I refer to this answer for background information on the $\chi^2$ test for contingency tables Chi-Square-Test: Why is the chi-squared test a one-tailed test?.

The test statistic is $X^2 = \sum_{i,j}\frac{(o_{ij}-e_{ij})^2}{e_{ij}}$,

in your case the $o_{ij}$ are the elements of your matrices $d1,d2,d3$. $e_{ij}=p_{i*} p_{*j} N$ where $p_{i*}$ and $p_{*j}$ are the (estimates of) the marginal probabeilities and $N=\sum_{i,j} o_{ij}$.

If we multiply $o_{ij}$ by a constant factor $k$ then we get $o_{ij}^{(n)}=k \cdot o_{ij}$. It is easy to show that $e_{ij}^{(n)}=k \cdot e_{ij}$, therefore

${X^{(n)}}^2 = \sum_{i,j}\frac{(o_{ij}^{(n)}-e_{ij}^{(n)})^2}{e_{ij}^{(n)}}=\frac{k^2}{k} X^2=k\cdot X^2$.

In other words after you multiply your matrix $d1$ with a constant, the test statistic $X^2$ is multiplied by the same constant ${X^{(n)}}^2 =kX^2$. This is what you see in R when you use the option correct=FALSE in chisq.test (no continuity correction, because the above formula is for the $\chi^2$ test without continuity correction):

# for d1 X2=267.8571
chisq.test(d1, correct=FALSE)

# for d1/50 X2=267.8571 /50
d2 = d1/50
d2
chisq.test(d2, correct=FALSE)


So the test statistic ${X^{(n)}}^2$ changes (is multiplied by $k$) , but the degrees of freedom of the test $(r-1)(c-1)=2$ (r is the number of rows, c the number of columns) has remained the same and therefore the p-value changes.

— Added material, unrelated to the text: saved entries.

definition lip_norm :: "(real \<Rightarrow> real) \<Rightarrow> real" where
  "lip_norm f = \<bar>f 0\<bar> + Lip f"

definition lip_open :: "(real \<Rightarrow> real) set \<Rightarrow> bool" where
  "lip_open U \<longleftrightarrow> U \<subseteq> LipG \<and>
     (\<forall>f\<in>U. \<exists>e>0. \<forall>g\<in>LipG. lip_norm (\<lambda>x. g x - f x) < e \<longrightarrow> g \<in> U)"

definition LipM :: "(real \<Rightarrow> real) measure" where
  "LipM = sigma LipG {U. lip_open U}"

primrec iter_comp :: "(nat \<Rightarrow> real \<Rightarrow> real) \<Rightarrow> nat \<Rightarrow> real \<Rightarrow> real" where
  "iter_comp g 0 = id"
| "iter_comp g (Suc n) = iter_comp g n \<circ> g n"

text \<open>f_{i,x}: f_i if U_i <= x, identity otherwise (indices shifted to start at 0).\<close>
definition f_sel :: "(nat \<Rightarrow> 'a \<Rightarrow> real \<Rightarrow> real) \<Rightarrow> (nat \<Rightarrow> 'a \<Rightarrow> real) \<Rightarrow> real \<Rightarrow> 'a \<Rightarrow> nat \<Rightarrow> real \<Rightarrow> real" where
  "f_sel F U x \<omega> i = (if U i \<omega> \<le> x then F i \<omega> else id)"

definition zeta_n :: "(nat \<Rightarrow> 'a \<Rightarrow> real \<Rightarrow> real) \<Rightarrow> (nat \<Rightarrow> 'a \<Rightarrow> real) \<Rightarrow> real \<Rightarrow> nat \<Rightarrow> real \<Rightarrow> 'a \<Rightarrow> real" where
  "zeta_n F U z0 n x \<omega> = iter_comp (f_sel F U x \<omega>) n z0"

text \<open>zeta(x) = limit of zeta_n(x) (exists almost surely).\<close>
definition zeta :: "(nat \<Rightarrow> 'a \<Rightarrow> real \<Rightarrow> real) \<Rightarrow> (nat \<Rightarrow> 'a \<Rightarrow> real) \<Rightarrow> real \<Rightarrow> real \<Rightarrow> 'a \<Rightarrow> real" where
  "zeta F U z0 x \<omega> = lim (\<lambda>n. zeta_n F U z0 n x \<omega>)"

text \<open>Outer (upper) expectation; agrees with the usual expectation for measurable functions.\<close>
definition outer_nn_integral :: "'a measure \<Rightarrow> ('a \<Rightarrow> ennreal) \<Rightarrow> ennreal" where
  "outer_nn_integral M g =
     (INF h \<in> {h \<in> borel_measurable M. \<forall>\<omega>\<in>space M. g \<omega> \<le> h \<omega>}. nn_integral M h)"

text \<open>Negative part of log L_f, with log 0 = -infinity.\<close>
definition neg_log_part :: "real \<Rightarrow> ennreal" where
  "neg_log_part L = (if L = 0 then \<infinity> else ennreal (max 0 (- ln L)))"

definition pos_log_part :: "real \<Rightarrow> ennreal" where
  "pos_log_part L = (if L = 0 then 0 else ennreal (max 0 (ln L)))"

end

theory Submission
  imports Defs
begin
locale iid_matrix_model = prob_space M
  for M :: "'a measure" +
  fixes d :: nat
    and A :: "int \<Rightarrow> 'a \<Rightarrow> nat \<Rightarrow> nat \<Rightarrow> real" and B :: "int \<Rightarrow> 'a \<Rightarrow> nat \<Rightarrow> real"
    and \<alpha> :: "nat \<Rightarrow> real"
  assumes iid: "iid_AB M d A B"
    and condition_T: "condition_T M d A B \<alpha>"
begin

lemma measurable_obsAB: "obsAB d A B t \<in> measurable M (MAB d)"
  using iid unfolding iid_AB_def indep_vars_def by auto

lemma measurable_entry:
  "k \<in> {1..d} \<Longrightarrow> l \<in> {1..d} \<Longrightarrow> (\<lambda>x. fst x (k, l)) \<in> borel_measurable (MAB d)"
  unfolding MAB_def by (rule measurable_compose[OF measurable_fst measurable_component_singleton]) auto

lemma entry_obsAB: "k \<in> {1..d} \<Longrightarrow> l \<in> {1..d} \<Longrightarrow> fst (obsAB d A B t w) (k, l) = A t w k l"
  by (simp add: obsAB_def)

lemma measurable_A:
  "k \<in> {1..d} \<Longrightarrow> l \<in> {1..d} \<Longrightarrow> (\<lambda>w. A t w k l) \<in> borel_measurable M"
  using measurable_compose[OF measurable_obsAB measurable_entry] by (simp add: entry_obsAB)

lemma distr_A:
  assumes "k \<in> {1..d}" "l \<in> {1..d}"
  shows "distr M borel (\<lambda>w. A t w k l) = distr M borel (\<lambda>w. A 0 w k l)"
proof -
  have "distr M borel (\<lambda>w. A t w k l) = distr (distr M (MAB d) (obsAB d A B t)) borel (\<lambda>x. fst x (k, l))"
    for t
    using distr_distr[OF measurable_entry[OF assms] measurable_obsAB] assms
    by (simp add: comp_def entry_obsAB)
  moreover have "distr M (MAB d) (obsAB d A B t) = distr M (MAB d) (obsAB d A B 0)"
    using iid unfolding iid_AB_def by blast
  ultimately show ?thesis by simp
qed

lemma integral_A_shift:
  fixes f :: "real \<Rightarrow> real"
  assumes "k \<in> {1..d}" "l \<in> {1..d}" "f \<in> borel_measurable borel"
  shows "(\<integral>w. f (A t w k l) \<partial>M) = (\<integral>w. f (A 0 w k l) \<partial>M)"
proof -
  have eq: "(\<integral>w. f (A t w k l) \<partial>M) = integral\<^sup>L (distr M borel (\<lambda>w. A t w k l)) f" for t
    using integral_distr[OF measurable_A[OF assms(1,2)] assms(3)] by simp
  show ?thesis by (simp only: eq distr_A[OF assms(1,2), of t])
qed

lemma integrable_A_shift:
  fixes f :: "real \<Rightarrow> real"
  assumes "k \<in> {1..d}" "l \<in> {1..d}" "f \<in> borel_measurable borel"
  shows "integrable M (\<lambda>w. f (A t w k l)) \<longleftrightarrow> integrable M (\<lambda>w. f (A 0 w k l))"
proof -
  have eq: "integrable M (\<lambda>w. f (A t w k l)) \<longleftrightarrow> integrable (distr M borel (\<lambda>w. A t w k l)) f" for t
    using integrable_distr_eq[OF measurable_A[OF assms(1,2)] assms(3)] by simp
  show ?thesis by (simp only: eq distr_A[OF assms(1,2), of t])
qed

Is that normal ? Well what you do when you multiply the table with a factor $k$ is 'simulating' a change in sample size, and as the sample size increases, the results will become more significant:

#significant at 1pct level
chisq.test(d1, correct=FALSE)

#smaller sample size, insignificant at 1pct level
d<-d1/50
chisq.test(d, correct=FALSE)

# even worse, some cells have expected counts below 5 if sample too small and then problems with $\chi^$ approximation
d<-d1/100
chisq.test(d, correct=FALSE)


For the first question I point to the hypothesis that is tested in the $\chi^2$ test for contingency tables: $H_0: \text{ the row-variable is independent of the column variable }$ versus $H_1: \text{ the row-variable is dependent of the column variable }$.
I refer to the answer What follows if we fail to reject the null hypothesis?, to illustrate that 'statitistical evidence' can only be found for $H_1$, so to answer your first question, with the $\chi^2$ test you can find statitistical evidence that the row variable and the column variable are dependent (when you reject $H_0$) however, if you can not reject $H_0$ then you have to conclude that 'there is no evidence that they are dependent so we accept the assumption that they are independent'. So you can not 'detect' that there is 'no association'.
In your comments you say that $H_0$ is rejected (for $d1$) although there was no difference between type 2 and type 3. However, $\chi^2$ tests whether the row variable and the column variable are dependent. 'Type 2' and 'Type 3' are values that can be taken by the column variable.
So with the $\chi^2$ test based on your table $d1$ you conclude that the 'yes/no' answer depends on the variable 'type'. To find differences for the different values of the variable 'type' you will have to analyse the terms of $X^2$ namely $\frac{(o_{ij}-e_{ij})^2}{e_{ij}}$ or if you want the sign of 'deviation' then $\frac{(o_{ij}-e_{ij})}{\sqrt{e_{ij}}}$.
If you are sure that there is no difference between 'type 2' and 'type 3' then you can, or you should, work with a $2 \times 2$ table where the last two columns of $d1$ are aggregated.